На выходе столкнулся со своим помощником — долговязым Колькой Гореловым. Махнув рукой — «топай за мной!» — Егор побежал к трактору. Там, снова через кулак, прослушивал двигатель. И Колька, вытягивая шею, завернув одно ухо у шапки, тоже залез под капот.
— Понял? — спросил Егор.
— Понял… — неуверенно сказал Колька, хотя ничего еще не расслышал.
— Коренной, — не то утверждая, не то спрашивая, сказал Храмов.
— Угу, — неопределенно промычал Колька и сочувственно добавил: — Дела-а…
— А дела завтра будут! — вдруг закричал Храмов. — Глуши шарманку!
Но когда Колька полез в кабину, остановил:
— Погодь — к Балагину схожу.
Он вернулся вместе с начальником отряда, что-то яростно доказывая. До Горелова издалека донеслось храмовское хриплое: «…на износ… сколько раз… не работа…». Потом они подошли ближе и слышно стало хорошо.
— Может еще завтра денек? До плана, а?
— А если там? — Егор махнул рукой на север.
Балагин потерся подбородком о кулак и тоскливо подумал, что «там», в тундре, если трактор встанет, будет еще трудней: трактор им служил и тягачом, и электростанцией, и вездеходом. Без трактора план не выполнить ни за что.
Храмов перекрыл топливо, и через полминуты стало так тихо, что зазвенело в ушах. Погасли мутно-желтые окна балков и сразу около них запрыгали яркие белые пятна — парни с фонариками, в наброшенных наскоро куртках, выскакивали узнать в чем дело.
— Все, отстрелялись, — протянул кто-то в темноте.
— Плакал теперь план, — поддержал другой голос.
Егор пробурчал себе что-то под нос и пошел в балок. Остальные потянулись за ним.
В вагончике уже зажгли керосиновую лампу с потемневшим обломанным вверху стеклом. И Егор, присев у стола, стал дописывать письмо.
«…Ты не думай, что если здесь Заполярье — то край света и одни страхи. Это я, полагаю, больше для красивости пишут. А у нас сегодня конец января, но погода совсем хорошая.
И к тому же, опять, в смысле заработков. Если наш отряд передовой, то всегда, значит, дополнительно премия. На этот месяц тоже план отстреляли и теперь гоним сверхпроцентно…» — тут Егор на минуту задумался: может вычеркнуть насчет премии? Но очень хотелось, чтобы друг приехал, и вычеркивать не стал. — «Если надумаешь, приезжай. Можно потолковать с начальством, чтобы на один трактор. А то помогалу дали совсем нескладного…».
Егор запечатал письмо и стал думать, когда придет транспорт, который вызовут завтра по рации с базы, да и есть ли он там?

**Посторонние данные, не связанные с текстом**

(* For each integer $q\ge2$, let $\rho_q$ be the unique number in $(0,1)$ satisfying $\rho_q+\rho_q^2+\dots+\rho_q^{q-1}=\frac{q-1}{3}(1+2\rho_q^q)$, and let $\gamma_q:=\ln(1-\rho_q^q)-\ln(1-\rho_q)-\frac{q-1}{3}\ln(\rho_q)$. Then $\lim_{q\to\infty}\frac{\gamma_q}{\ln q}=1$. *)

theory Defs
  imports "HOL-Analysis.Analysis"
begin

definition rho :: "nat \<Rightarrow> real" where
  "rho q = (THE x. 0 < x \<and> x < 1 \<and>
      (\<Sum>i=1..q-1. x ^ i) = (real q - 1) / 3 * (1 + 2 * x ^ q))"

definition gamma :: "nat \<Rightarrow> real" where
  "gamma q = ln (1 - rho q ^ q) - ln (1 - rho q) - (real q - 1) / 3 * ln (rho q)"

end

theory Submission
  imports Defs
begin

text \<open>
  Write q = n + 1. Moving everything in the defining equation of \<open>\<rho>\<^sub>q\<close> to one side,
  multiplying by 3 and dividing by 1 - x turns it into the polynomial equation
  \<open>(\<Sum>j\<le>n. (3j - n) x\<^sup>j) = 0\<close>. Its coefficients change sign exactly once, so by a
  Descartes-type argument it has only one positive root, and comparing signs at \<open>1 - 4/n\<close> and
  \<open>1 - 1/n\<close> places that root in between. Hence \<open>1 - \<rho>\<^sub>q\<close> is of order \<open>1/q\<close>, while
  \<open>\<rho>\<^sub>q\<^sup>q \<le> (1 - 1/n)\<^sup>n \<le> e\<^sup>-\<^sup>1\<close> and \<open>q ln \<rho>\<^sub>q\<close> stays bounded, so \<open>\<gamma>\<^sub>q = ln q + O(1)\<close>.
\<close>

definition rho_poly :: "nat \<Rightarrow> real \<Rightarrow> real" where
  "rho_poly n x = (\<Sum>j\<le>n. (3 * real j - real n) * x ^ j)"

lemma one_minus_times_rho_poly:
  "(1 - x) * rho_poly n x = 3 * (\<Sum>i=1..n. x ^ i) - real n * (1 + 2 * x ^ Suc n)"
proof (induction n)
  case 0
  show ?case
    by (simp add: rho_poly_def)
next
  case (Suc n)
  have recurrence: "rho_poly (Suc n) x = rho_poly n x - (\<Sum>j\<le>n. x ^ j) + (2 * real n + 2) * x ^ Suc n"
    unfolding rho_poly_def by (simp add: sum.distrib sum_subtractf algebra_simps)
  have "(1 - x) * rho_poly (Suc n) x
      = (1 - x) * rho_poly n x - (1 - x) * (\<Sum>j\<le>n. x ^ j) + (1 - x) * (2 * real n + 2) * x ^ Suc n"
    unfolding recurrence by algebra
  also have "\<dots> = 3 * (\<Sum>i=1..n. x ^ i) - real n * (1 + 2 * x ^ Suc n) - (1 - x ^ Suc n)
      + (1 - x) * (2 * real n + 2) * x ^ Suc n"
    by (simp only: Suc.IH sum_gp_basic)
  finally show ?case
    by (simp add: algebra_simps)
qed

lemma rho_equation_iff_rho_poly:
  assumes "x \<noteq> 1"
  shows "(\<Sum>i=1..Suc n - 1. x ^ i) = (real (Suc n) - 1) / 3 * (1 + 2 * x ^ Suc n)
    \<longleftrightarrow> rho_poly n x = 0"
proof -
  have "rho_poly n x = 0 \<longleftrightarrow> (1 - x) * rho_poly n x = 0"
    using assms by simp
  then show ?thesis
    unfolding one_minus_times_rho_poly by auto
qed

lemma one_minus_sq_times_rho_poly:
  "(1 - x)\<^sup>2 * rho_poly n x = 3 * (x - x ^ Suc n) - real n * (1 - x) * (1 + 2 * x ^ Suc n)"
proof -
  have geometric: "(1 - x) * (\<Sum>i=1..n. x ^ i) = x - x ^ Suc n"
    using sum_gp_multiplied[of 1 n x] by (cases n) simp_all
  have "(1 - x)\<^sup>2 * rho_poly n x = (1 - x) * ((1 - x) * rho_poly n x)"
    by (simp add: power2_eq_square)
  also have "\<dots> = 3 * ((1 - x) * (\<Sum>i=1..n. x ^ i)) - real n * (1 - x) * (1 + 2 * x ^ Suc n)"
    by (simp only: one_minus_times_rho_poly) algebra
  finally show ?thesis
    unfolding geometric .
qed

lemma sign_change_poly_compare:
  fixes c :: "nat \<Rightarrow> real" and x z :: real
  assumes neg: "\<And>j. j < m \<Longrightarrow> c j \<le> 0" and nonneg: "\<And>j. m \<le> j \<Longrightarrow> 0 \<le> c j"
    and "c 0 < 0" "0 < x" "x < z"
  shows "z ^ m * (\<Sum>j\<le>n. c j * x ^ j) < x ^ m * (\<Sum>j\<le>n. c j * z ^ j)"
proof -
  have "0 < m"
    using nonneg[of 0] \<open>c 0 < 0\<close> by (cases m) auto
  have pow_le: "x ^ d \<le> z ^ d" for d
    using assms by (intro power_mono) auto
  have term_le: "c j * (z ^ m * x ^ j - x ^ m * z ^ j) \<le> 0" for j
  proof (cases "j < m")
    case True
    then obtain d where d: "m = j + d"
      by (metis less_imp_add_positive)
    have "x ^ j * z ^ j * x ^ d \<le> x ^ j * z ^ j * z ^ d"
      using assms pow_le by (intro mult_left_mono) auto
    then have "0 \<le> z ^ m * x ^ j - x ^ m * z ^ j"
      unfolding d by (simp add: power_add algebra_simps)
    with neg[OF True] show ?thesis
      by (simp add: mult_nonpos_nonneg)
  next
    case False
    then obtain d where d: "j = m + d"
      by (metis le_iff_add not_less)
    have "x ^ m * z ^ m * x ^ d \<le> x ^ m * z ^ m * z ^ d"
      using assms pow_le by (intro mult_left_mono) auto
    then have "z ^ m * x ^ j - x ^ m * z ^ j \<le> 0"
      unfolding d by (simp add: power_add algebra_simps)
    with nonneg[of j] False show ?thesis
      by (simp add: mult_nonneg_nonpos)
  qed
  have "x ^ m < z ^ m"
    using assms \<open>0 < m\<close> by (intro power_strict_mono) auto
  then have term0: "c 0 * (z ^ m * x ^ 0 - x ^ m * z ^ 0) < 0"
    using \<open>c 0 < 0\<close> by (simp add: mult_neg_pos)
  have "z ^ m * (\<Sum>j\<le>n. c j * x ^ j) - x ^ m * (\<Sum>j\<le>n. c j * z ^ j)
      = (\<Sum>j\<le>n. c j * (z ^ m * x ^ j - x ^ m * z ^ j))"
    by (simp add: sum_distrib_left sum_subtractf algebra_simps)
  also have "\<dots> < (\<Sum>j\<le>n. 0)"
  proof (rule sum_strict_mono_ex1)
    show "\<forall>j\<in>{..n}. c j * (z ^ m * x ^ j - x ^ m * z ^ j) \<le> 0"
      using term_le by simp
    show "\<exists>j\<in>{..n}. c j * (z ^ m * x ^ j - x ^ m * z ^ j) < 0"
      using term0 by (intro bexI[of _ 0]) simp_all
  qed simp
  finally show ?thesis
    by simp
qed

lemma sign_change_poly_positive_root_unique:
  fixes c :: "nat \<Rightarrow> real"
  assumes "\<And>j. j < m \<Longrightarrow> c j \<le> 0" "\<And>j. m \<le> j \<Longrightarrow> 0 \<le> c j" "c 0 < 0"
    and "0 < a" "0 < b" "(\<Sum>j\<le>n. c j * a ^ j) = 0" "(\<Sum>j\<le>n. c j * b ^ j) = 0"
  shows "a = b"
proof (rule ccontr)
  assume "a \<noteq> b"
  then consider "a < b" | "b < a"
    by linarith
  then show False
  proof cases
    case 1
    then show False
      using sign_change_poly_compare[of m c a b n] assms by simp
  next
    case 2
    then show False
      using sign_change_poly_compare[of m c b a n] assms by simp
  qed
qed

lemma rho_poly_positive_root_unique:
  assumes "1 \<le> n" "0 < a" "0 < b" "rho_poly n a = 0" "rho_poly n b = 0"
  shows "a = b"
proof (rule sign_change_poly_positive_root_unique)
  let ?m = "(n + 2) div 3"
  show "3 * real j - real n \<le> 0" if "j < ?m" for j
    using that by linarith
  show "0 \<le> 3 * real j - real n" if "?m \<le> j" for j
    using that by linarith
qed (use assms in \<open>auto simp: rho_poly_def\<close>)

lemma rho_eqI:
  assumes "1 \<le> n" "0 < r" "r < 1" "rho_poly n r = 0"
  shows "rho (Suc n) = r"
  unfolding rho_def
proof (rule the_equality)
  show "0 < r \<and> r < 1 \<and> (\<Sum>i=1..Suc n - 1. r ^ i) = (real (Suc n) - 1) / 3 * (1 + 2 * r ^ Suc n)"
    using assms rho_equation_iff_rho_poly by simp
next
  fix x
  assume "0 < x \<and> x < 1 \<and> (\<Sum>i=1..Suc n - 1. x ^ i) = (real (Suc n) - 1) / 3 * (1 + 2 * x ^ Suc n)"
  then show "x = r"
    using rho_equation_iff_rho_poly rho_poly_positive_root_unique assms by auto
qed

lemma exp_minus_one_le: "exp (-1::real) \<le> 10/27"
proof -
  have "27/10 \<le> exp (1::real)"
    using e_approx_32 by (simp add: abs_if split: if_split_asm)
  then show ?thesis
    by (simp add: exp_minus field_simps)
qed

lemma one_minus_inverse_power_le: "1 \<le> n \<Longrightarrow> (1 - 1 / real n) ^ n \<le> 10/27"
  using exp_ge_one_minus_x_over_n_power_n[of 1 n] exp_minus_one_le by simp

lemma rho_poly_neg: "4 \<le> n \<Longrightarrow> rho_poly n (1 - 4 / real n) < 0"
proof -
  define a where "a = 1 - 4 / real n"
  assume "4 \<le> n"
  then have a: "0 \<le> a" "a < 1" "real n * (1 - a) = 4"
    unfolding a_def by (auto simp: field_simps)
  have "0 \<le> a * a ^ n"
    using a by simp
  moreover have "3 * (a - a ^ Suc n) - real n * (1 - a) * (1 + 2 * a ^ Suc n) = 3 * a - 4 - 11 * (a * a ^ n)"
    unfolding a(3) by (simp add: algebra_simps)
  ultimately have "(1 - a)\<^sup>2 * rho_poly n a < 0"
    unfolding one_minus_sq_times_rho_poly using a by linarith
  then show ?thesis
    unfolding a_def by (simp add: mult_less_0_iff)
qed

lemma rho_poly_pos: "8 \<le> n \<Longrightarrow> 0 < rho_poly n (1 - 1 / real n)"
proof -
  define b where "b = 1 - 1 / real n"
  assume "8 \<le> n"
  then have b: "7/8 \<le> b" "b < 1" "real n * (1 - b) = 1"
    unfolding b_def by (auto simp: field_simps)
  have "b * b ^ n \<le> b * (10/27)"
    using one_minus_inverse_power_le[of n] \<open>8 \<le> n\<close> b by (intro mult_left_mono) (auto simp: b_def)
  moreover have "3 * (b - b ^ Suc n) - real n * (1 - b) * (1 + 2 * b ^ Suc n) = 3 * b - 1 - 5 * (b * b ^ n)"
    unfolding b(3) by (simp add: algebra_simps)
  ultimately have "0 < 3 * (b - b ^ Suc n) - real n * (1 - b) * (1 + 2 * b ^ Suc n)"
    using b by linarith
  then have "0 < (1 - b)\<^sup>2 * rho_poly n b"
    unfolding one_minus_sq_times_rho_poly .
  then show ?thesis
    unfolding b_def by (simp add: zero_less_mult_iff)
qed

lemma rho_bounds:
  assumes "8 \<le> n"
  shows "1 - 4 / real n \<le> rho (Suc n)" "rho (Suc n) \<le> 1 - 1 / real n"
proof -
  have "rho_poly n (1 - 4 / real n) \<le> 0" "0 \<le> rho_poly n (1 - 1 / real n)"
    using rho_poly_neg[of n] rho_poly_pos[of n] assms by simp_all
  moreover have "1 - 4 / real n \<le> 1 - 1 / real n"
    by (simp add: divide_right_mono)
  moreover have "continuous_on {1 - 4 / real n..1 - 1 / real n} (rho_poly n)"
    unfolding rho_poly_def by (intro continuous_intros)
  ultimately obtain r where r: "1 - 4 / real n \<le> r" "r \<le> 1 - 1 / real n" "rho_poly n r = 0"
    using IVT' by blast
  have "4 / real n \<le> 1/2" "0 < 1 / real n"
    using assms by simp_all
  with r have "0 < r" "r < 1"
    by linarith+
  with r assms have "rho (Suc n) = r"
    by (intro rho_eqI) auto
  with r show "1 - 4 / real n \<le> rho (Suc n)" "rho (Suc n) \<le> 1 - 1 / real n"
    by simp_all
qed

lemma ln_one_minus_power_bounds:
  assumes "1 \<le> n" "0 < r" "r \<le> 1 - 1 / real n"
  shows "- ln 2 \<le> ln (1 - r ^ Suc n)" "ln (1 - r ^ Suc n) \<le> 0"
proof -
  have "0 < 1 / real n"
    using assms by simp
  then have "r < 1"
    using assms by linarith
  have "r ^ Suc n \<le> r ^ n"
    by (rule power_decreasing) (use assms \<open>r < 1\<close> in auto)
  also have "\<dots> \<le> (1 - 1 / real n) ^ n"
    by (rule power_mono) (use assms in auto)
  finally have small: "r ^ Suc n \<le> 1/2"
    using one_minus_inverse_power_le[OF assms(1)] by simp
  then have "ln (1/2) \<le> ln (1 - r ^ Suc n)"
    by (subst ln_le_cancel_iff) auto
  then show "- ln 2 \<le> ln (1 - r ^ Suc n)"
    by (simp add: ln_div)
  show "ln (1 - r ^ Suc n) \<le> 0"
    using small assms by simp
qed

lemma ln_one_minus_bounds:
  assumes "1 \<le> n" "1 - 4 / real n \<le> r" "r \<le> 1 - 1 / real n"
  shows "ln (real n) - 2 * ln 2 \<le> - ln (1 - r)" "- ln (1 - r) \<le> ln (real n)"
proof -
  have "0 < 1 / real n"
    using assms by simp
  then have "r < 1"
    using assms by linarith
  have "ln (1 / real n) \<le> ln (1 - r)"
    using assms \<open>r < 1\<close> by (subst ln_le_cancel_iff) auto
  moreover have "ln (1 - r) \<le> ln (4 / real n)"
    using assms \<open>r < 1\<close> by (subst ln_le_cancel_iff) auto
  moreover have "ln (4::real) = 2 * ln 2"
    using ln_realpow[of 2 2] by simp
  ultimately show "ln (real n) - 2 * ln 2 \<le> - ln (1 - r)" "- ln (1 - r) \<le> ln (real n)"
    using assms by (simp_all add: ln_div)
qed

lemma scaled_ln_bounds:
  assumes "1 \<le> n" "1 - 4 / real n \<le> r" "1/2 \<le> r" "r \<le> 1"
  shows "- 8 / 3 \<le> real n / 3 * ln r" "real n / 3 * ln r \<le> 0"
proof -
  have "- ln r = ln (1 / r)"
    using assms by (simp add: ln_div)
  also have "\<dots> \<le> (1 - r) * (1 / r)"
    using ln_le_minus_one[of "1 / r"] assms by (simp add: field_simps)
  also have "\<dots> \<le> (4 / real n) * 2"
    using assms by (intro mult_mono) (auto simp: field_simps)
  finally have "real n / 3 * (- ln r) \<le> real n / 3 * (8 / real n)"
    by (intro mult_left_mono) auto
  then show "- 8 / 3 \<le> real n / 3 * ln r"
    using assms by simp
  show "real n / 3 * ln r \<le> 0"
    using assms by (simp add: mult_nonneg_nonpos)
qed

lemma gamma_minus_ln_bounded:
  assumes "100 \<le> n"
  shows "\<bar>gamma (Suc n) - ln (real (Suc n))\<bar> \<le> 5"
proof -
  define r where "r = rho (Suc n)"
  have n: "1 \<le> n"
    using assms by simp
  have r: "1 - 4 / real n \<le> r" "r \<le> 1 - 1 / real n"
    using rho_bounds assms unfolding r_def by auto
  moreover have "4 / real n \<le> 1/2" "0 < 1 / real n"
    using assms by simp_all
  ultimately have "0 < r" "1/2 \<le> r" "r \<le> 1"
    by linarith+
  note bounds = ln_one_minus_power_bounds[OF n \<open>0 < r\<close> r(2)] ln_one_minus_bounds[OF n r]
    scaled_ln_bounds[OF n r(1) \<open>1/2 \<le> r\<close> \<open>r \<le> 1\<close>]
  have "ln (real n) \<le> ln (real (Suc n))" "ln (real (Suc n)) \<le> ln (2 * real n)"
    using assms by (subst ln_le_cancel_iff; simp)+
  moreover have "ln (2 * real n) = ln 2 + ln (real n)"
    using assms by (simp add: ln_mult)
  moreover have "gamma (Suc n) = ln (1 - r ^ Suc n) - ln (1 - r) - real n / 3 * ln r"
    unfolding gamma_def r_def by simp
  ultimately show ?thesis
    using bounds \<open>1/2 \<le> r\<close> ln_2_less_1 by linarith
qed

lemma tendsto_divide_one_if_bounded_diff:
  fixes f g :: "'a \<Rightarrow> real"
  assumes bounded: "eventually (\<lambda>x. \<bar>f x - g x\<bar> \<le> C) F" and g: "filterlim g at_top F"
  shows "((\<lambda>x. f x / g x) \<longlongrightarrow> 1) F"
proof -
  have g_pos: "eventually (\<lambda>x. 0 < g x) F"
    using g by (simp add: filterlim_at_top_dense)
  have "eventually (\<lambda>x. norm ((f x - g x) / g x) \<le> C / g x) F"
    using bounded g_pos by eventually_elim (simp add: divide_right_mono)
  moreover have "((\<lambda>x. C / g x) \<longlongrightarrow> 0) F"
    using g by (intro tendsto_divide_0[OF tendsto_const] filterlim_at_top_imp_at_infinity)
  ultimately have "((\<lambda>x. (f x - g x) / g x) \<longlongrightarrow> 0) F"
    by (rule Lim_null_comparison)
  then have "((\<lambda>x. 1 + (f x - g x) / g x) \<longlongrightarrow> 1 + 0) F"
    by (intro tendsto_add tendsto_const)
  moreover have "eventually (\<lambda>x. 1 + (f x - g x) / g x = f x / g x) F"
    using g_pos by eventually_elim (simp add: field_simps)
  ultimately show ?thesis
    by (simp add: Lim_transform_eventually)
qed

theorem mainTheorem6:
  shows "(\<lambda>q. gamma q / ln (real q)) \<longlonglongrightarrow> 1"
proof (rule tendsto_divide_one_if_bounded_diff)
  show "eventually (\<lambda>q. \<bar>gamma q - ln (real q)\<bar> \<le> 5) sequentially"
  proof (rule eventually_sequentiallyI)
    fix q :: nat
    assume "101 \<le> q"
    then show "\<bar>gamma q - ln (real q)\<bar> \<le> 5"
      using gamma_minus_ln_bounded[of "q - 1"] by simp
  qed
  show "filterlim (\<lambda>q. ln (real q)) at_top sequentially"
    by (rule filterlim_compose[OF ln_at_top filterlim_real_sequentially])
qed

end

А нескладный «помогала» все еще стоял у затихшего трактора. Стужа уже давно забралась к нему под полушубок, остро секла лицо, но парень не уходил: он любил свою машину, хотя и не умел водить трактор так, как Егор Храмов. Он был самым молодым в отряде, и ему очень хотелось сделать что-нибудь такое, чтобы ребята приняли его серьезно и перестали называть «птенчиком», что было особенно обидно при его росте.

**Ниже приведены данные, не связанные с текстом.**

lemma summable_neumann_series:
  assumes "stochastic M" "0 \<le> g" "g < 1"
  shows "summable (\<lambda>t. g ^ t * (transp (mat_op M) ^^ t) m y)"
proof (rule summable_comparison_test')
  show "summable (\<lambda>t. g ^ t * (\<Sum>x\<in>UNIV. \<bar>m x\<bar>))"
    using assms by (intro summable_mult2) simp
  show "norm (g ^ t * (transp (mat_op M) ^^ t) m y) \<le> g ^ t * (\<Sum>x\<in>UNIV. \<bar>m x\<bar>)" for t
    using abs_transp_power_le[OF assms(1), of t m y] assms(2)
    by (simp add: abs_mult mult_left_mono)
qed

lemma neumann_series_solves:
  assumes M: "stochastic M" and g: "0 \<le> g" "g < 1"
  shows "(\<lambda>x. neumann_series g (transp (mat_op M)) v x
            - g * transp (mat_op M) (neumann_series g (transp (mat_op M)) v) x) = v"
proof
  fix y
  let ?T = "transp (mat_op M)" and ?w = "neumann_series g (transp (mat_op M)) v"
  have shifted: "?T ?w y = (\<Sum>t. g ^ t * (?T ^^ Suc t) v y)"
  proof -
    have "?T ?w y = (\<Sum>x\<in>UNIV. ?w x * M x y)"
      by (rule transp_mat_op)
    also have "\<dots> = (\<Sum>x\<in>UNIV. \<Sum>t. g ^ t * (?T ^^ t) v x * M x y)"
      unfolding neumann_series_def
      by (intro sum.cong refl suminf_mult2 summable_neumann_series[OF M g])
    also have "\<dots> = (\<Sum>t. \<Sum>x\<in>UNIV. g ^ t * (?T ^^ t) v x * M x y)"
      by (intro suminf_sum[symmetric] summable_mult2 summable_neumann_series[OF M g])
    also have "\<dots> = (\<Sum>t. g ^ t * (?T ^^ Suc t) v y)"
      by (simp add: transp_mat_op sum_distrib_left mult.assoc)
    finally show ?thesis .
  qed
  have "summable (\<lambda>t. g ^ t * (?T ^^ Suc t) v y)"
    using summable_neumann_series[OF M g, of "?T v" y] by (simp add: funpow_swap1)
  then have "g * ?T ?w y = (\<Sum>t. g ^ Suc t * (?T ^^ Suc t) v y)"
    unfolding shifted by (simp add: suminf_mult[symmetric] mult.assoc)
  also have "\<dots> = ?w y - v y"
    using suminf_split_head[OF summable_neumann_series[OF M g, of v y]]
    by (simp add: neumann_series_def)
  finally show "?w y - g * ?T ?w y = v y" by simp
qed

lemma transp_fixed_point_eq_0:
  assumes M: "stochastic M" and g: "0 \<le> g" "g < 1"
    and fix_w: "\<And>x. w x = g * transp (mat_op M) w x"
  shows "w x = 0"
proof -
  have "(\<Sum>x\<in>UNIV. \<bar>w x\<bar>) = g * (\<Sum>x\<in>UNIV. \<bar>transp (mat_op M) w x\<bar>)"
    using g by (subst fix_w) (simp add: abs_mult sum_distrib_left)
  also have "\<dots> \<le> g * (\<Sum>x\<in>UNIV. \<bar>w x\<bar>)"
    by (rule mult_left_mono[OF sum_abs_transp_le[OF M] g(1)])
  finally have "(1 - g) * (\<Sum>x\<in>UNIV. \<bar>w x\<bar>) \<le> 0"
    by (simp add: algebra_simps)
  with g have "(\<Sum>x\<in>UNIV. \<bar>w x\<bar>) \<le> 0"
    by (simp add: mult_le_0_iff)
  then show ?thesis
    using sum_nonneg_eq_0_iff[of UNIV "\<lambda>x. \<bar>w x\<bar>"] by (simp add: order_antisym sum_nonneg)
qed

lemma resolvent_equation_unique:
  assumes M: "stochastic M" and g: "0 \<le> g" "g < 1"
    and w1: "(\<lambda>x. w1 x - g * transp (mat_op M) w1 x) = v"
    and w2: "(\<lambda>x. w2 x - g * transp (mat_op M) w2 x) = v"
  shows "w1 = w2"
proof
  fix x
  let ?T = "transp (mat_op M)"
  have diff: "?T (\<lambda>x. w1 x - w2 x) y = ?T w1 y - ?T w2 y" for y
    using transp_lincomb[of "mat_op M" 1 w1 "-1" w2] by (simp add: fun_eq_iff)
  have same_source: "w1 y - g * ?T w1 y = w2 y - g * ?T w2 y" for y
    using w1 w2 by (simp add: fun_eq_iff)
  have "w1 y - w2 y = g * ?T (\<lambda>x. w1 x - w2 x) y" for y
    using same_source[of y] unfolding diff right_diff_distrib by linarith
  from transp_fixed_point_eq_0[OF M g, of "\<lambda>x. w1 x - w2 x", OF this]
  show "w1 x = w2 x" by simp
qed

lemma resolvent_eq_neumann_series:
  assumes "stochastic M" "0 \<le> g" "g < 1"
  shows "resolvent g (mat_op M) v = neumann_series g (transp (mat_op M)) v"
  unfolding resolvent_def
  by (intro the_equality neumann_series_solves[OF assms])
    (rule resolvent_equation_unique[OF assms _ neumann_series_solves[OF assms]])

lemma resolvent_iff:
  assumes "stochastic M" "0 \<le> g" "g < 1"
  shows "(\<lambda>x. w x - g * transp (mat_op M) w x) = v \<longleftrightarrow> w = resolvent g (mat_op M) v"
  using resolvent_equation_unique[OF assms _ neumann_series_solves[OF assms]]
    neumann_series_solves[OF assms]
  unfolding resolvent_eq_neumann_series[OF assms] by blast

lemma resolvent_lincomb:
  assumes "stochastic M" "0 \<le> g" "g < 1"
  shows "resolvent g (mat_op M) (\<lambda>x. a * u x + b * v x)
    = (\<lambda>x. a * resolvent g (mat_op M) u x + b * resolvent g (mat_op M) v x)"
proof -
  let ?R = "resolvent g (mat_op M)" and ?T = "transp (mat_op M)"
  have solves: "?R f x - g * ?T (?R f) x = f x" for f x
    using resolvent_iff[OF assms, of "?R f" f] by (simp add: fun_eq_iff)
  have "a * ?R u x + b * ?R v x - g * (a * ?T (?R u) x + b * ?T (?R v) x)
      = a * (?R u x - g * ?T (?R u) x) + b * (?R v x - g * ?T (?R v) x)" for x
    by (simp add: algebra_simps)
  then have "(\<lambda>x. a * ?R u x + b * ?R v x - g * ?T (\<lambda>x. a * ?R u x + b * ?R v x) x)
      = (\<lambda>x. a * u x + b * v x)"
    unfolding transp_lincomb by (simp only: solves)
  then show ?thesis
    unfolding resolvent_iff[OF assms] by simp
qed

lemma resolvent_mono:
  assumes "stochastic M" "0 \<le> g" "g < 1" "\<And>x. u x \<le> v x"
  shows "resolvent g (mat_op M) u y \<le> resolvent g (mat_op M) v y"
proof -
  have "(transp (mat_op M) ^^ t) u y \<le> (transp (mat_op M) ^^ t) v y" for t
    using assms(4) by (induction t arbitrary: y) (auto intro: transp_mono[OF assms(1)])
  then show ?thesis
    unfolding resolvent_eq_neumann_series[OF assms(1-3)] neumann_series_def
    using assms(2) by (intro suminf_le summable_neumann_series[OF assms(1-3)] mult_left_mono) auto
qed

Храмов уже лежал на верхней койке и рассказывал, как он однажды на лыжах гонял зайца. «Обратно тяжело было. Здоровенный оказался», — закончил он и отвернулся к стене. В это время и вошел «помогала». Он тронул Егора за плечо и что-то сказал ему негромко, после чего тракторист поднял голову и попросил: «Будь другом, отдыхай».
Но Николай снова стал говорить ему. Храмов сел, чуть не стукнувшись головой о потолок, потрогал Колькин лоб и уныло сказал:
— Братцы, температурит парень. На базу хочет на лыжах идти.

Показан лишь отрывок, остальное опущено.